| Work request |
Which of the lines below include the word "longleftrightarrow"? Pull each one out.

| The records |
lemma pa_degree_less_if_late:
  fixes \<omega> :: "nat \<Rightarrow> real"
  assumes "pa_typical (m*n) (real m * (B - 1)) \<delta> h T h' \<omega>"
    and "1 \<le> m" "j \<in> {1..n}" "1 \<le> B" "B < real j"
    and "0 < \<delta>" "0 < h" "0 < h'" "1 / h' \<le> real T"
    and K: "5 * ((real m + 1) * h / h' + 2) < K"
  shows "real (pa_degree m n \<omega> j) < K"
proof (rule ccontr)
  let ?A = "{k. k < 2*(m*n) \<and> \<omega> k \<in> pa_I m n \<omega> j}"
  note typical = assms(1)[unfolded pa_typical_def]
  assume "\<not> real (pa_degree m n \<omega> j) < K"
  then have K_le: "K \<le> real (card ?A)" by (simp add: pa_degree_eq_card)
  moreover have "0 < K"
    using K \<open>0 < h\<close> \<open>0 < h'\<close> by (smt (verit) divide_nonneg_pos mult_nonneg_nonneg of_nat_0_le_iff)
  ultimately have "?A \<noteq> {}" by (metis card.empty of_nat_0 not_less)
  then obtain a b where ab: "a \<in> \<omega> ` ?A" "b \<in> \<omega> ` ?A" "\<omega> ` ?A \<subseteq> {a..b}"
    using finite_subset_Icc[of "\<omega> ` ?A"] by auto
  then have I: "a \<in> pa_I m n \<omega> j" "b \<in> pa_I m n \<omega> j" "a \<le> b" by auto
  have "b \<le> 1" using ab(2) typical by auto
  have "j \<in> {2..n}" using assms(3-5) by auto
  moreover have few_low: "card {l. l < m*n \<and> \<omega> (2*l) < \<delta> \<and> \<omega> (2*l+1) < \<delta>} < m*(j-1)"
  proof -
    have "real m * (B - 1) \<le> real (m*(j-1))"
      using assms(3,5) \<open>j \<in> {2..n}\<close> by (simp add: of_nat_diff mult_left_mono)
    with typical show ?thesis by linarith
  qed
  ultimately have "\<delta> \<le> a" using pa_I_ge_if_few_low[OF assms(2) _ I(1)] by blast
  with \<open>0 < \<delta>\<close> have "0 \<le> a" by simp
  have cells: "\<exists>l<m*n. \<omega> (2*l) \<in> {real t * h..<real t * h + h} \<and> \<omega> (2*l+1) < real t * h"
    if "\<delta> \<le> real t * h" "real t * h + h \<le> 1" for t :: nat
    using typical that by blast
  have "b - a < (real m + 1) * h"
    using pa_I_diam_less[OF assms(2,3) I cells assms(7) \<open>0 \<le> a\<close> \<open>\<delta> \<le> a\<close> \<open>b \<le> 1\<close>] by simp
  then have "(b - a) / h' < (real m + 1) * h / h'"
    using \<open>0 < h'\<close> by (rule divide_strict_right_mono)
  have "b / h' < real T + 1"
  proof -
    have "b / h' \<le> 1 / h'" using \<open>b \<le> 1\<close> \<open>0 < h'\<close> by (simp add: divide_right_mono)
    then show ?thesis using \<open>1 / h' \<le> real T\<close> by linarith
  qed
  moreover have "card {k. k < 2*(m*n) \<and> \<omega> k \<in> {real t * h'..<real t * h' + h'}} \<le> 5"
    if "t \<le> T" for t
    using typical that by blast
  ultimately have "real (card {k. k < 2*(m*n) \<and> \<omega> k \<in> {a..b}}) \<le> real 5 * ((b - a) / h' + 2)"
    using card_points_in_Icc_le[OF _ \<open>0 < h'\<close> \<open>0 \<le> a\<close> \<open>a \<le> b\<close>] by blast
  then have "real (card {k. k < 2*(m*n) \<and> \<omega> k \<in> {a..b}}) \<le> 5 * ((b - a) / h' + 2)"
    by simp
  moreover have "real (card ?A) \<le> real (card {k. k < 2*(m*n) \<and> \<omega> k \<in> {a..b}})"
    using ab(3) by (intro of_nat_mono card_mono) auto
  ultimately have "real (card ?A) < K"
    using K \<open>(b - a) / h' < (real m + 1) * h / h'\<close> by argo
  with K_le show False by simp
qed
--
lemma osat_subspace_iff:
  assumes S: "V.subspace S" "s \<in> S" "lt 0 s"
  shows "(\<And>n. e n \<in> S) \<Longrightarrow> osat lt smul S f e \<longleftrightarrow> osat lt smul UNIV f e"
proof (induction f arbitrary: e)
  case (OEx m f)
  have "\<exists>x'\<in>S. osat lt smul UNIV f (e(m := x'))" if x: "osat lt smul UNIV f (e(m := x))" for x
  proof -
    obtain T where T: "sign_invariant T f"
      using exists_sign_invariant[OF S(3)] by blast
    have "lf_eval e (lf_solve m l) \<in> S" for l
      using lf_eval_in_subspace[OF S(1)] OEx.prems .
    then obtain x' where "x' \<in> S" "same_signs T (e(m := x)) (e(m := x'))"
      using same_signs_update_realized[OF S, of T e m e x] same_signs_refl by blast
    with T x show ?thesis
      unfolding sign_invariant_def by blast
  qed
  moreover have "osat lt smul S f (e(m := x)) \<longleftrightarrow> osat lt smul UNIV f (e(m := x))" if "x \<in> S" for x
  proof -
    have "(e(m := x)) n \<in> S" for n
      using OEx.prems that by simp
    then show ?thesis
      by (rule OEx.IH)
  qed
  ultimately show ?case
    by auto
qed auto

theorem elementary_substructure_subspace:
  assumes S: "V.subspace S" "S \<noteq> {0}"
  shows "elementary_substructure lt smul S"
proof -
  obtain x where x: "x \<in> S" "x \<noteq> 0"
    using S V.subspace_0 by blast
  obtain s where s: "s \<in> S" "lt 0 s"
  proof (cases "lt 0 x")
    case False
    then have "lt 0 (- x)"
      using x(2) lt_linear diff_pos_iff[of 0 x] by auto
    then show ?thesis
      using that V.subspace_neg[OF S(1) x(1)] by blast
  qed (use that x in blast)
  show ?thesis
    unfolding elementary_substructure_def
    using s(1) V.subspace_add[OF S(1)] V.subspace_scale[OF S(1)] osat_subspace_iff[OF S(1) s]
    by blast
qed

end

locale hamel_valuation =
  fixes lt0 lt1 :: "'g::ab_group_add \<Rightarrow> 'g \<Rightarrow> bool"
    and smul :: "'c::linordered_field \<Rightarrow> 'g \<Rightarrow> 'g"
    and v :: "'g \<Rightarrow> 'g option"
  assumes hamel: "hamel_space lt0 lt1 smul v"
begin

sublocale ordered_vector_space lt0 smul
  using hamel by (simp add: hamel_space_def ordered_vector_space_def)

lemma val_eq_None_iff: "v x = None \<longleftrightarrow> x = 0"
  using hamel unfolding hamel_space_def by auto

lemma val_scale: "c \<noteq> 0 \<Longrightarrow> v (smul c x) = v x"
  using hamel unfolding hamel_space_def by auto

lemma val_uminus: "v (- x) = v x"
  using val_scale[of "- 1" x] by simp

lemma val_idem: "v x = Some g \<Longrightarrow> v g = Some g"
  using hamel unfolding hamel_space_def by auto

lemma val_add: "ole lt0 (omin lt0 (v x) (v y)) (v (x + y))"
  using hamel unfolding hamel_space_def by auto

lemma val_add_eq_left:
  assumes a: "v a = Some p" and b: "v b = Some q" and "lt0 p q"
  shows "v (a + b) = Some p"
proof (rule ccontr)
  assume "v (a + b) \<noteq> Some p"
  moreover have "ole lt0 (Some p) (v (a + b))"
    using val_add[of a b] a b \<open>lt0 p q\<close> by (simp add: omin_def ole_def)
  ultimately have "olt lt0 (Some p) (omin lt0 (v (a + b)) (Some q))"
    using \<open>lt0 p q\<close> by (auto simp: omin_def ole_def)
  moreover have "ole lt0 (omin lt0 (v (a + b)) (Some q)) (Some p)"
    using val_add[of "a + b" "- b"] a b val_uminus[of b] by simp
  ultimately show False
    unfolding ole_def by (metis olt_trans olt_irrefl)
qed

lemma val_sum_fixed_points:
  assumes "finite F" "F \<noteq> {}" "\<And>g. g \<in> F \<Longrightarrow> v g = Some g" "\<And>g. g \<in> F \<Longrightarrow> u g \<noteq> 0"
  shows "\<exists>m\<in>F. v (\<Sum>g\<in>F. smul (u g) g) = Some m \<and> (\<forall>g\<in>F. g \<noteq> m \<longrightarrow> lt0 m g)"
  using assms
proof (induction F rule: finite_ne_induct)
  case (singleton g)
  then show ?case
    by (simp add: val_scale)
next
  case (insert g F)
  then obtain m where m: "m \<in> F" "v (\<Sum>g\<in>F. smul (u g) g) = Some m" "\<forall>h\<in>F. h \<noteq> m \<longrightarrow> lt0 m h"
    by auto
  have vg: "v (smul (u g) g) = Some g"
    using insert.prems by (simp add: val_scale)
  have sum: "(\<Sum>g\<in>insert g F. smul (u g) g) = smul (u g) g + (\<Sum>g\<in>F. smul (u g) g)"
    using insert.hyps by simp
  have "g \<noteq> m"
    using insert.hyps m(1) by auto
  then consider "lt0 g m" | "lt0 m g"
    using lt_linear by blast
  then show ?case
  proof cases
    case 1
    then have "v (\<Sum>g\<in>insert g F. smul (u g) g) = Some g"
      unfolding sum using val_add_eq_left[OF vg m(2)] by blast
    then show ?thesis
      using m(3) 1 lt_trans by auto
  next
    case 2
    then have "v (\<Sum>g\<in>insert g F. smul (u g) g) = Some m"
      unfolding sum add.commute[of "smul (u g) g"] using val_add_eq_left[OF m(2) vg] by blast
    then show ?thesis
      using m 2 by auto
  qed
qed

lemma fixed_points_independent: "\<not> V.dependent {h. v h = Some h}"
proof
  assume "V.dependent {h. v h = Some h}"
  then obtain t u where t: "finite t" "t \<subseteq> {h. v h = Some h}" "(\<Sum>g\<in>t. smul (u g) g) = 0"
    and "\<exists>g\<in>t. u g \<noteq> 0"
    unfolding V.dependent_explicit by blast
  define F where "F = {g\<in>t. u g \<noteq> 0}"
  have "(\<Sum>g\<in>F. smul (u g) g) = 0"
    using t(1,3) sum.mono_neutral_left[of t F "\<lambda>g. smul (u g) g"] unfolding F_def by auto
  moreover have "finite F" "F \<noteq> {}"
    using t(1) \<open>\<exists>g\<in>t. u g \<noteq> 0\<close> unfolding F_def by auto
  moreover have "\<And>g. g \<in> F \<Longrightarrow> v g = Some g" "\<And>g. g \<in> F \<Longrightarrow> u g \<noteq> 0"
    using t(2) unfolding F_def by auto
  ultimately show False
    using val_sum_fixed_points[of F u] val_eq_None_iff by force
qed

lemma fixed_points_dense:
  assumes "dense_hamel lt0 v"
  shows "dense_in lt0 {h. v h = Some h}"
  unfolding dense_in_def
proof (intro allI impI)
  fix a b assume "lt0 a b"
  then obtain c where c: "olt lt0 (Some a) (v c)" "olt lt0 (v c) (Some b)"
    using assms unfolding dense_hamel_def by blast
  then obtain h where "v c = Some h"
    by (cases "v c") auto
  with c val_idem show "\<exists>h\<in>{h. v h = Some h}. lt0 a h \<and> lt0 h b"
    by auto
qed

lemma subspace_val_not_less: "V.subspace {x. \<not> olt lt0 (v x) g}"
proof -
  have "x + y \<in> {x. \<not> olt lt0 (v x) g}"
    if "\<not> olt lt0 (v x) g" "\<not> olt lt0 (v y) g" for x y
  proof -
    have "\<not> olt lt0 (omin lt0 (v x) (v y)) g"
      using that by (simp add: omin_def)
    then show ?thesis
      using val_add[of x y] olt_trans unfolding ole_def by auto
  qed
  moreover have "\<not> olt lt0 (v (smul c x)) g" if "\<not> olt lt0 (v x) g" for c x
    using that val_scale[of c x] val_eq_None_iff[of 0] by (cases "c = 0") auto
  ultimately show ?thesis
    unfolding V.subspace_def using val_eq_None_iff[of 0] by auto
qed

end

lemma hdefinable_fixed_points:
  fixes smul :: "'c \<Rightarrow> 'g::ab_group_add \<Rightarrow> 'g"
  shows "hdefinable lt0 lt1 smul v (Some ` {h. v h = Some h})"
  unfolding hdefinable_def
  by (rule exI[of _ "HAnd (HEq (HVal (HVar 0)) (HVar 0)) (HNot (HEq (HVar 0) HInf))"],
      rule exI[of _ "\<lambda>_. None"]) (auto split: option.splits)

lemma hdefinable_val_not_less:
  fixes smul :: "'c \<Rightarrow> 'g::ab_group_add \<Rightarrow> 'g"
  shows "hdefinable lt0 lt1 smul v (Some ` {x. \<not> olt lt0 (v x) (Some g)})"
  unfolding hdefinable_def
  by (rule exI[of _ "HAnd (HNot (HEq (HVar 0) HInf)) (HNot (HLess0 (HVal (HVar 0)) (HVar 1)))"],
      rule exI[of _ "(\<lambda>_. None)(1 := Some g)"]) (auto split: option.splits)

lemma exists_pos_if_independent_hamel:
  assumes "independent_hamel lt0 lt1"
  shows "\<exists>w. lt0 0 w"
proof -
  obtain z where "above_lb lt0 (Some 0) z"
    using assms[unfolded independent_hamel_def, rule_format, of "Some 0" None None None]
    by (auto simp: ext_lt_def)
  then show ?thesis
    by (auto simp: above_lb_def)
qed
* * *
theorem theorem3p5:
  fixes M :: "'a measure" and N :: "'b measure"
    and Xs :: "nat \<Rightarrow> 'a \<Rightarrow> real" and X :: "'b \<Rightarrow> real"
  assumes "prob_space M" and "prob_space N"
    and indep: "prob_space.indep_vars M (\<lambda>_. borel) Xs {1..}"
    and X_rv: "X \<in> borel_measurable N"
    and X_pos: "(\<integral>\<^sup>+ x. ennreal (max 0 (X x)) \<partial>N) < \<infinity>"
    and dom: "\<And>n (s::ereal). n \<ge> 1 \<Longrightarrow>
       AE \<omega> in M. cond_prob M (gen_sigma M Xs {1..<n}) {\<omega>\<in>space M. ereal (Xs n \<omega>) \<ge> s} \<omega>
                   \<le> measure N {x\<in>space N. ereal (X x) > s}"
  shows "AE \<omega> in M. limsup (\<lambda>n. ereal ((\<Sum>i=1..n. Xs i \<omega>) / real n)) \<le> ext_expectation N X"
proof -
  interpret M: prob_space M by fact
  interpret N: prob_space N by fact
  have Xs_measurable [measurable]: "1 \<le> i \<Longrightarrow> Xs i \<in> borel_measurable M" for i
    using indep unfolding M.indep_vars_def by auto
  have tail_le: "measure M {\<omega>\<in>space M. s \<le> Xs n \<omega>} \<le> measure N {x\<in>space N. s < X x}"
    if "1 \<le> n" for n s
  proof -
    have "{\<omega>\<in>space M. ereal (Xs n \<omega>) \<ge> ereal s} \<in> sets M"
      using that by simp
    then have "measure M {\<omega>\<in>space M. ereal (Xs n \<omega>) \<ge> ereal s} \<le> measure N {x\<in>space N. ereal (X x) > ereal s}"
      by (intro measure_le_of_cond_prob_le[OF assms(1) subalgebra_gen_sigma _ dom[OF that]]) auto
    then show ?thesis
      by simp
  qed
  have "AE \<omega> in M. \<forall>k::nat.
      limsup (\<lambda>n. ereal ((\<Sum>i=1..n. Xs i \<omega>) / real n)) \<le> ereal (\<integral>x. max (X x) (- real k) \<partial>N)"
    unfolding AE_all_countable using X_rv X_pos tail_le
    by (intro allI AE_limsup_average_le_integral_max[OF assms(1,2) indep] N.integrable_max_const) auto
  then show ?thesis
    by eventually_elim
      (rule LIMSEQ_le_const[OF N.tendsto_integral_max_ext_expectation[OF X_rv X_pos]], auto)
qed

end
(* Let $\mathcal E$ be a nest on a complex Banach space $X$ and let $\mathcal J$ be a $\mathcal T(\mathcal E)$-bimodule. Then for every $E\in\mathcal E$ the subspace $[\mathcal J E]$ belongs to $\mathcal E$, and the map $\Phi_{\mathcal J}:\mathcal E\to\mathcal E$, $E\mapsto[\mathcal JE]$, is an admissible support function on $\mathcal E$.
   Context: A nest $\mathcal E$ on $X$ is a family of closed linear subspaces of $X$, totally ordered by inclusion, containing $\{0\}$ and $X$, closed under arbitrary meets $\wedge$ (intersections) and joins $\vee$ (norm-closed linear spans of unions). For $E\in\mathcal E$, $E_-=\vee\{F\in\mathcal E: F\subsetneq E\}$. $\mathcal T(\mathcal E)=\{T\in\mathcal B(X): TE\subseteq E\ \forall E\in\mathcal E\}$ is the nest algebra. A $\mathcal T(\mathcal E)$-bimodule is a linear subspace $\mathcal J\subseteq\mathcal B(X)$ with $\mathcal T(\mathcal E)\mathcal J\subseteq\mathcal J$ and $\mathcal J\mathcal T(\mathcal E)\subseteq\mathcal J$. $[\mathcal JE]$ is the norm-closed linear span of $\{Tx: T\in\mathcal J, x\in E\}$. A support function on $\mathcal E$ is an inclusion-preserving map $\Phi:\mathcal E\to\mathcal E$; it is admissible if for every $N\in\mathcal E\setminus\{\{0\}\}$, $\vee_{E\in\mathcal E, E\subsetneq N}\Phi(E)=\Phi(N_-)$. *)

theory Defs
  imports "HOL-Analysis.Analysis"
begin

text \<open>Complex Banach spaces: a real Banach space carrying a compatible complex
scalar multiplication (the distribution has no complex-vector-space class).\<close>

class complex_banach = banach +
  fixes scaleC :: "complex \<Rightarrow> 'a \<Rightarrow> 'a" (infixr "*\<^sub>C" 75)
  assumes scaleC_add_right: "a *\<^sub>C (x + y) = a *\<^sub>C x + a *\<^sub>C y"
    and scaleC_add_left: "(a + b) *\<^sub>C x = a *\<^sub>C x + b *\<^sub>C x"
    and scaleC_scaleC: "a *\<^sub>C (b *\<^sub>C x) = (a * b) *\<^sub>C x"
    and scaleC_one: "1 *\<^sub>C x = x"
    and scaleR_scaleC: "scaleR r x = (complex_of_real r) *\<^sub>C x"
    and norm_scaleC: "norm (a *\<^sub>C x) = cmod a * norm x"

| Response below |
  shows "(\<And>n. e n \<in> S) \<Longrightarrow> osat lt smul S f e \<longleftrightarrow> osat lt smul UNIV f e"
  moreover have "osat lt smul S f (e(m := x)) \<longleftrightarrow> osat lt smul UNIV f (e(m := x))" if "x \<in> S" for x
lemma val_eq_None_iff: "v x = None \<longleftrightarrow> x = 0"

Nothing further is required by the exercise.